Unidentified buttons found in Cheshire may perhaps be for this corps; they are convex, pewter, showing in relief a crown over “SV” in Roman capitals, one example in a diameter of 14 mm.

On 3 January 1804 the corps was presented by Viscountess Bulkeley with a pair of “very elegant” colours. (A contribution to Cheshire Notes & Queries states that these colours – or possibly those of the corps of 1794 – were discovered in the Court House in the mid 19th century and moved to Vernon Park Museum. They were still there in the 1940’s.)

[Lancaster Gazette, 14 January 1804. Derby Mercury, 19 January 1804. An Old Resident of Stockport, “The Presentation of Colours to the Old ‘Stockport Volunteers’ ” in E W Bulkeley, ed, Cheshire Notes & Queries, 1886.]

 

Loyal Stockport Armed Association / Stockport Volunteers

Capt Comm William Radcliffe. Two companies.

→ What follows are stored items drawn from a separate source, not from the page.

(* In the parallel-links routing game with homogeneous costs described in the context, suppose either $N=2$ or all $N$ users have equal demands $r^i=R/N$. Let $\alpha^i>0$ with $\sum_i\alpha^i=1$, and let $PoS$ be the ratio of the weighted social cost of the NBS, $\sum_i\alpha^i\tilde g^i$, to the minimum over feasible profiles of the weighted social cost $J^\alpha_{sys}(\mathbf f)=\sum_i\alpha^i\sum_lf^i_lT_l(f_l)$. Then $PoS\le\max_i\alpha^i/\min_i\alpha^i$.
   Context: Parallel-links routing game: users $\mathcal N=\{1,\dots,N\}$ share parallel links $\mathcal L=\{1,\dots,L\}$ from a common source to a common destination; link $l$ has capacity $c_l$. User $i$ has demand $r^i>0$, $R=\sum_ir^i<\sum_lc_l$. A routing strategy of user $i$ is $\mathbf f^i=(f^i_l)_l$ with $f^i_l\ge0$, $\sum_lf^i_l=r^i$; feasible profiles form $\mathbf F$; $f_l=\sum_if^i_l$. Homogeneous costs: $J^i(\mathbf f)=\sum_lf^i_lT_l(f_l)$, each $T_l:[0,\infty)\to[0,\infty)$ strictly increasing, convex, continuously differentiable, with $T_l(f_l)=T(c_l-f_l)$ for $f_l<c_l$ and $T_l(f_l)=\infty$ for $f_l\ge c_l$, for a single link-independent function $T$ with $T(c_l-f_l)$ strictly increasing in $f_l$. NEP: the unique feasible $\hat{\mathbf f}$ in which each user's strategy minimizes its cost given the others'; $\hat J^i=J^i(\hat{\mathbf f})$. Bargaining: $\mathcal G$ is the set of all vectors $\sum_{m=1}^Mp_m(J^1(\mathbf f(m)),\dots,J^N(\mathbf f(m)))$ with $M$ finite, $p_m>0$, $\sum p_m=1$, $\mathbf f(m)\in\mathbf F$; the NBS is the unique $\tilde{\mathbf g}$ maximizing $\prod_i(\hat J^i-g^i)$ over $\mathbf g\in\mathcal G$ with $g^i\le\hat J^i$ for all $i$. *)

theory Defs
  imports "HOL-Analysis.Analysis" "HOL-Library.Extended_Real"
begin
text \<open>Place the vertices \<open>1, \<dots>, n\<close> on the moment curve \<open>t \<mapsto> (t, t\<^sup>2, \<dots>, t\<^sup>d)\<close> and take as
  edges the \<open>k\<close>-sets \<open>S\<close> that are cut out by a monic polynomial \<open>P\<close> of degree \<open>d + 1\<close>, i.e.
  \<open>P \<ge> 0\<close> on \<open>{1..n}\<close> with zero set \<open>S\<close> there. Writing \<open>P(t) = t\<^bsup>d+1\<^esup> - g(t)\<close> with \<open>deg g \<le> d\<close>,
  the polynomial \<open>g\<close> is an affine functional on the moment curve, so each edge is a lower face
  of the point set lifted by the heights \<open>v\<^bsup>d+1\<^esup>\<close>; two lower faces meet in the lower face of
  their intersection, which gives the intersection condition, and at most \<open>d + 1\<close> points
  of the moment curve are affinely independent, which gives the dimension condition.
  Products of squared linear factors over runs of consecutive integers show that every
  two vertices lie in a common edge. Hence a strong colouring must be injective, and the
  strong chromatic number is \<open>n\<close>, which is also the trivial upper bound.\<close>

section \<open>The moment curve\<close>

definition coord_index :: "'d::finite \<Rightarrow> nat" where
  "coord_index = (SOME h. bij_betw h UNIV {0..<CARD('d)})"

lemma bij_coord_index: "bij_betw (coord_index :: 'd::finite \<Rightarrow> nat) UNIV {0..<CARD('d)}"
proof -
  have "\<exists>h. bij_betw h (UNIV::'d set) {0..<CARD('d)}"
    using ex_bij_betw_finite_nat[of "UNIV::'d set"] by simp
  then show ?thesis unfolding coord_index_def by (rule someI_ex)
qed

definition moment_curve :: "real \<Rightarrow> real^'d::finite" where
  "moment_curve t = (\<chi> i. t ^ (coord_index i + 1))"

lemma poly_affine_on_moment_curve:
  fixes g :: "real poly"
  assumes "degree g \<le> CARD('d::finite)"
  obtains a :: "real^'d" and c where "\<And>t. inner a (moment_curve t) + c = poly g t"
proof
  define a :: "real^'d" where "a = (\<chi> i. coeff g (coord_index i + 1))"
  fix t
  have "inner a (moment_curve t) =
      (\<Sum>i\<in>(UNIV::'d set). coeff g (coord_index i + 1) * t ^ (coord_index i + 1))"
    by (simp add: inner_vec_def a_def moment_curve_def)
  also have "\<dots> = (\<Sum>m<CARD('d). coeff g (m + 1) * t ^ (m + 1))"
    using sum.reindex_bij_betw[OF bij_coord_index, of "\<lambda>m. coeff g (m + 1) * t ^ (m + 1)"]
    by (simp add: atLeast0LessThan)
  finally have "inner a (moment_curve t) + coeff g 0 = (\<Sum>m<Suc CARD('d). coeff g m * t ^ m)"
    unfolding sum.lessThan_Suc_shift by simp
  also have "\<dots> = (\<Sum>m\<le>degree g. coeff g m * t ^ m)"
    using assms by (intro sum.mono_neutral_right) (auto simp: coeff_eq_0)
  also have "\<dots> = poly g t"
    by (simp add: poly_altdef)
  finally show "inner a (moment_curve t) + coeff g 0 = poly g t" .
qed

Willson’s chart gives the uniform colours as red faced black, officer’s lace gold, blue pantaloons.

 

Stockport Rifle Volunteers

Capt Comm Thomas Ross.  One company. Attached on field days to the Manchester Rifle Corps – see under Lancashire, Manchester. The company is not listed by Willson for 1806, and may have disbanded. At a review of January 1804, the corps was combined with the Stockport Volunteers, the Poynton and Bullock Smithy Volunteers, and the Heaton Norris (Lancashire) corps to make a regiment of about 800 men, referred to as the Stockport and Poynton Independents, under the command of Viscount Bulkeley.

The company is noted by Christie-Miller, unsurprisingly, as “clad in green”.

[Derby Mercury, 19 January 1804. John Christie-Miller, A Record of Stockport Volunteers and their Armoury, 1969.]